* **Data extracts**:

(* Let $n\ge 0$ and let $R$ be a local algebra of $\mathbb C$-dimension $n+2$. If $R$ is not isomorphic to $B_n=\mathbb C[S_1,\ldots,S_{n+1}]/(S_iS_j\mid i,j=1,\ldots,n+1)$, then $R$ is an $n$-factor.
   Context: A local algebra means a finite-dimensional commutative associative unital $\mathbb C$-algebra with a unique maximal ideal $\mathfrak m_R$ and $R/\mathfrak m_R\cong\mathbb C$. An $n$-factor is an algebra of the form $\mathbb C[S_1,\ldots,S_n]/I$ (for some ideal $I$) in which the images of $S_1,\ldots,S_n$ are linearly independent over $\mathbb C$; equivalently, an algebra generated by $n$ linearly independent elements. *)

theory Defs
  imports Main Complex_Main
begin

text \<open>A commutative associative unital complex algebra: the ring structure comes from
  the type class comm_ring_1, the complex scalar multiplication is given by sc.\<close>
definition cx_algebra :: "(complex \<Rightarrow> 'a::comm_ring_1 \<Rightarrow> 'a) \<Rightarrow> bool" where
  "cx_algebra sc \<longleftrightarrow> vector_space sc \<and> (\<forall>c x y. sc c (x * y) = sc c x * y)"

definition is_ideal :: "'a::comm_ring_1 set \<Rightarrow> bool" where
  "is_ideal I \<longleftrightarrow> 0 \<in> I \<and> (\<forall>x\<in>I. \<forall>y\<in>I. x + y \<in> I) \<and> (\<forall>r. \<forall>x\<in>I. r * x \<in> I)"

definition maximal_ideal :: "'a::comm_ring_1 set \<Rightarrow> bool" where
  "maximal_ideal M \<longleftrightarrow> is_ideal M \<and> M \<noteq> UNIV \<and>
     (\<forall>J. is_ideal J \<and> M \<subseteq> J \<longrightarrow> J = M \<or> J = UNIV)"

text \<open>The natural map from the scalars to R/m (c to the class of c*1) is a bijection,
  i.e. R/m is isomorphic to C.\<close>
definition residue_field_C :: "(complex \<Rightarrow> 'a::comm_ring_1 \<Rightarrow> 'a) \<Rightarrow> 'a set \<Rightarrow> bool" where
  "residue_field_C sc M \<longleftrightarrow> (\<forall>x. \<exists>!c. x - sc c 1 \<in> M)"
(* Let $\hat V=[n]\cup\{s,t\}$, and let $\hat f$ map an edge-weight vector $w\in\mathbb{R}^{\binom{\hat V}{2}}$ (for which the maximizer is unique) to $$\hat f(w)=\arg\max_{y\in\{-1,1\}^{\hat V},\ y_s=1,\ y_t=-1}\ \sum_{\{i,j\}}w_{\{i,j\}}(1-y_iy_j),$$ the unique maximum $s$-$t$ cut. Let $S=\{\{u,v\}:u\in\{s,t\},v\in[n]\}$. Then $S$ is a dominating set of $\hat f$ with sensitivity $2$: whenever $w'$ differs from $w$ on one pair by at most $1$ in absolute value, there is $a$ supported on $S$ with $\|a\|_1\le2$, depending only on $\hat f(w)$ and $w'-w$, such that $\hat f(w'+a)=\hat f(w)$ (with unique maximizer). *)

theory Defs
  imports Complex_Main
begin

datatype vtx = Src | Snk | V nat

definition Vhat :: "nat \<Rightarrow> vtx set" where
  "Vhat n = {Src, Snk} \<union> V ` {1..n}"

definition edges :: "nat \<Rightarrow> vtx set set" where
  "edges n = {{u, v} | u v. u \<in> Vhat n \<and> v \<in> Vhat n \<and> u \<noteq> v}"

definition Sdom :: "nat \<Rightarrow> vtx set set" where
  "Sdom n = {{u, V k} | u k. u \<in> {Src, Snk} \<and> k \<in> {1..n}}"

definition cuts :: "nat \<Rightarrow> (vtx \<Rightarrow> real) set" where
  "cuts n = {y. (\<forall>v\<in>Vhat n. y v \<in> {-1, 1}) \<and> (\<forall>v. v \<notin> Vhat n \<longrightarrow> y v = 0)
               \<and> y Src = 1 \<and> y Snk = -1}"

definition cutval :: "nat \<Rightarrow> (vtx set \<Rightarrow> real) \<Rightarrow> (vtx \<Rightarrow> real) \<Rightarrow> real" where
  "cutval n w y = (\<Sum>e\<in>edges n. w e * (1 - (\<Prod>v\<in>e. y v)))"

definition is_unique_max :: "nat \<Rightarrow> (vtx set \<Rightarrow> real) \<Rightarrow> (vtx \<Rightarrow> real) \<Rightarrow> bool" where
  "is_unique_max n w y \<longleftrightarrow> y \<in> cuts n \<and>
     (\<forall>y'\<in>cuts n. y' \<noteq> y \<longrightarrow> cutval n w y' < cutval n w y)"

definition has_unique_max :: "nat \<Rightarrow> (vtx set \<Rightarrow> real) \<Rightarrow> bool" where
  "has_unique_max n w \<longleftrightarrow> (\<exists>y. is_unique_max n w y)"

text \<open>fhat: the unique maximum s-t cut (meaningful when has_unique_max n w).\<close>
definition fhat :: "nat \<Rightarrow> (vtx set \<Rightarrow> real) \<Rightarrow> (vtx \<Rightarrow> real)" where
  "fhat n w = (THE y. is_unique_max n w y)"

* **Your instructions**:
The expected output is every line from the material above where "Sdom" can be found.

* **Result**:
definition Sdom :: "nat \<Rightarrow> vtx set set" where
  "Sdom n = {{u, V k} | u k. u \<in> {Src, Snk} \<and> k \<in> {1..n}}"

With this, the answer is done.